ModuleNotFoundError: No module named 'src'

In [None]:
PROJECT_ROOT = Path("..")
DATA_DIR = PROJECT_ROOT / "data" / "raw"


In [None]:
pm25_raw = load_pm25_data(DATA_DIR)
traffic_raw = load_traffic_data(DATA_DIR)
acs_raw = load_acs_data(DATA_DIR)
crosswalk = load_zcta_state_crosswalk(DATA_DIR)

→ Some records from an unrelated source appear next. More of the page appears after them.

(* For $0<q<1$: (1) $$\sum_{r,k\ge1}\frac{q^{(2r-1)(2k-1)}}{2r-1}=\frac{\alpha}{16}\,{}_2F_1\left[\left.\begin{matrix}1,1\\2\end{matrix}\right|\alpha\right]\;\Big(=-\tfrac1{16}\log(1-\alpha)\Big);$$ (2) $$\sum_{r,k\ge1}\frac{q^{2(r-1/2)(k-1/2)}}{2r-1}=\frac{\alpha^{1/2}}{4}\,{}_2F_1\left[\left.\begin{matrix}\tfrac12,1\\ \tfrac32\end{matrix}\right|\alpha\right],$$ where $\alpha=\alpha(q)$.
   Context: $\theta_2(q)=\sum_{n\in\mathbb Z}q^{(n+1/2)^2}$, $\theta_3(q)=\sum_{n\in\mathbb Z}q^{n^2}$, and $\alpha(q)=\theta_2^4(q)/\theta_3^4(q)$, which lies in $(0,1)$ for $0<q<1$. ${}_2F_1\left[\begin{matrix}a,b\\c\end{matrix}\middle| z\right]=\sum_{n\ge0}\frac{(a)_n(b)_n}{(c)_n}\frac{z^n}{n!}$ with $(a)_n=\Gamma(a+n)/\Gamma(a)$. *)

theory Defs
  imports "HOL-Analysis.Analysis"
begin

definition theta2 :: "real \<Rightarrow> real" where
  "theta2 q = (\<Sum>\<^sub>\<infinity>n\<in>(UNIV::int set). q powr ((real_of_int n + 1/2)^2))"

definition theta3 :: "real \<Rightarrow> real" where
  "theta3 q = (\<Sum>\<^sub>\<infinity>n\<in>(UNIV::int set). q powr ((real_of_int n)^2))"

definition alpha :: "real \<Rightarrow> real" where
  "alpha q = theta2 q ^ 4 / theta3 q ^ 4"

definition hyp2F1 :: "real \<Rightarrow> real \<Rightarrow> real \<Rightarrow> real \<Rightarrow> real" where
  "hyp2F1 a b c z =
     (\<Sum>n. pochhammer a n * pochhammer b n / pochhammer c n * z ^ n / fact n)"

end

theory Submission
  imports Defs
begin

text \<open>Splitting the lattice sum \<theta>(q)^2 over \<int>^2 by the parity of m + n gives the duplication
  formulas for \<theta>2^2, \<theta>3^2, \<theta>4^2 and hence Jacobi's identity \<theta>3^4 = \<theta>2^4 + \<theta>4^4,
  i.e. 1 - \<alpha> = (\<theta>4/\<theta>3)^4. Euler's series E(x) = \<Sum> q^(m^2) x^m / (q^2; q^2)_m satisfies
  E(x) = (1 + q x) E(q^2 x), so E(x) = \<Prod> (1 + q^(2n+1) x); and since the coefficients S_k of
  E(x) E(1/x) satisfy S_(k+1) = q^(2k+1) S_k, E(1)^2 and E(-1)^2 are the same positive constant
  times \<theta>3 and \<theta>4. Taking logarithms, ln (\<theta>3/\<theta>4) = 4 \<Sum> artanh q^(2n+1), and expanding artanh
  gives the double series of (1). Part (2) is the same identity at \<surd>q: duplication gives
  \<theta>3(\<surd>q)^2 = \<theta>3^2 + \<theta>2^2 and \<theta>4(\<surd>q)^2 = \<theta>3^2 - \<theta>2^2, so
  ln (\<theta>3(\<surd>q)/\<theta>4(\<surd>q)) = artanh (\<theta>2^2/\<theta>3^2) = artanh \<surd>\<alpha>.\<close>

lemma has_sum_product_real:
  fixes f g :: "_ \<Rightarrow> real"
  assumes f: "(f has_sum a) A" and g: "(g has_sum b) B"
  shows "((\<lambda>(x,y). f x * g y) has_sum a * b) (A \<times> B)"
proof -
  have fs: "(\<lambda>x. norm (f x)) summable_on A" and gs: "(\<lambda>y. norm (g y)) summable_on B"
    using f g summable_on_iff_abs_summable_on_real has_sum_imp_summable by blast+
  have "(\<lambda>z. norm ((\<lambda>(x,y). f x * g y) z)) summable_on (A \<times> B)"
  proof (rule iffD2[OF Infinite_Sum.abs_summable_on_Sigma_iff], intro conjI ballI)
    fix x assume "x \<in> A"
    show "(\<lambda>y. norm ((\<lambda>(x,y). f x * g y) (x, y))) summable_on B"
      using summable_on_cmult_right[OF gs, of "norm (f x)"] by (simp add: abs_mult)
  next
    have "(\<lambda>x. norm (f x) * (\<Sum>\<^sub>\<infinity>y\<in>B. norm (g y))) summable_on A"
      using summable_on_cmult_left[OF fs] .
    then show "(\<lambda>x. norm (\<Sum>\<^sub>\<infinity>y\<in>B. norm ((\<lambda>(x,y). f x * g y) (x, y)))) summable_on A"
      by (simp add: abs_mult infsum_cmult_right' infsum_nonneg)
  qed
  then have "(\<lambda>(x,y). f x * g y) summable_on (A \<times> B)"
    using summable_on_iff_abs_summable_on_real by blast
  then show ?thesis
    using has_sum_cmult_right[OF g] has_sum_cmult_left[OF f]
    by (intro has_sum_SigmaI[where g = "\<lambda>x. f x * b"]) auto
qed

NameError: name 'load_pm25_data' is not defined

In [None]:
pm25 = clean_pm25(pm25_raw)
traffic = clean_traffic(traffic_raw)
acs = clean_acs(acs_raw)

df = merge_all(pm25, traffic, acs, crosswalk)
df_tx = filter_texas(df)

df_tx.shape


In [None]:
TARGET = "pm25"

DROP_COLS = [
    "year", "zcta", "STATE",
    "Geo_FIPS", "Geo_GEOID"
]

X = df_tx.drop(columns=DROP_COLS + [TARGET])
y = df_tx[TARGET]

X.shape, y.shape


In [None]:
from sklearn.model_selection import train_test_split

X_train, X_test, y_train, y_test = train_test_split(
    X, y, train_size=0.8, random_state=0
)


In [None]:
traffic_cols = [
    'i_mean_traffic',
    'i_total_traffic',
    'i_mean_hw_traffic',
    'i_total_hw_traffic',
    'i_mean_nonhw_traffic',
    'i_total_nonhw_traffic'
]

corr = df_tx[traffic_cols].corr()

plt.figure(figsize=(8,6))
sns.heatmap(corr, annot=True, cmap="coolwarm", fmt=".2f")
plt.title("Correlation of Traffic Variables")
plt.show()


In [None]:
lin_model, lin_r2 = linear_regression(
    X_train, y_train, X_test, y_test
)

print(f"Linear Regression R²: {lin_r2:.3f}")


In [None]:
lasso_model, lasso_r2 = lasso_regression(
    X_train, y_train, X_test, y_test
)

print(f"Lasso Regression Test R²: {lasso_r2:.3f}")


In [None]:
rf_model, rf_r2 = random_forest(X_train, y_train, X_test, y_test)
gb_model, gb_r2 = gradient_boosting(X_train, y_train, X_test, y_test)
xgb_model, xgb_r2 = xgboost_model(X_train, y_train, X_test, y_test)

results = pd.DataFrame({
    "Model": [
        "Random Forest",
        "Gradient Boosting",
        "XGBoost"
    ],
    "Test R2": [
        rf_r2,
        gb_r2,
        xgb_r2
    ]
})

results


In [None]:
from sklearn.preprocessing import StandardScaler
from sklearn.decomposition import PCA

scaled_X = StandardScaler().fit_transform(X)

pca = PCA(n_components=2)
pca_proj = pca.fit_transform(scaled_X)

plt.figure(figsize=(7,6))
plt.scatter(
    pca_proj[:, 0],
    pca_proj[:, 1],
    c=y,
    cmap="viridis",
    s=6
)
plt.colorbar(label="PM2.5")
plt.title("PCA Projection Colored by PM2.5")
plt.xlabel("PC1")
plt.ylabel("PC2")
plt.show()


In [None]:
rf_pipe = build_rf_pipeline(use_pca=False)
rf_pipe.fit(X_train, y_train)

pipe_r2 = rf_pipe.score(X_test, y_test)
print(f"Pipeline Random Forest R²: {pipe_r2:.3f}")


In [None]:
grid = tune_random_forest(rf_pipe, X_train, y_train)

print("Best Test R²:", grid.score(X_test, y_test))
grid.best_params_


## Conclusion

- Traffic variables are highly correlated; representative metrics were selected
- Tree-based models outperform linear and regularized regression
- Random Forest Regression achieved the best predictive performance (~0.80 R²)
- Socioeconomic and demographic characteristics show differentiated associations
  with PM2.5 exposure across Texas ZCTAs

This notebook demonstrates a reproducible, modular data science workflow
suitable for academic research and applied policy analysis.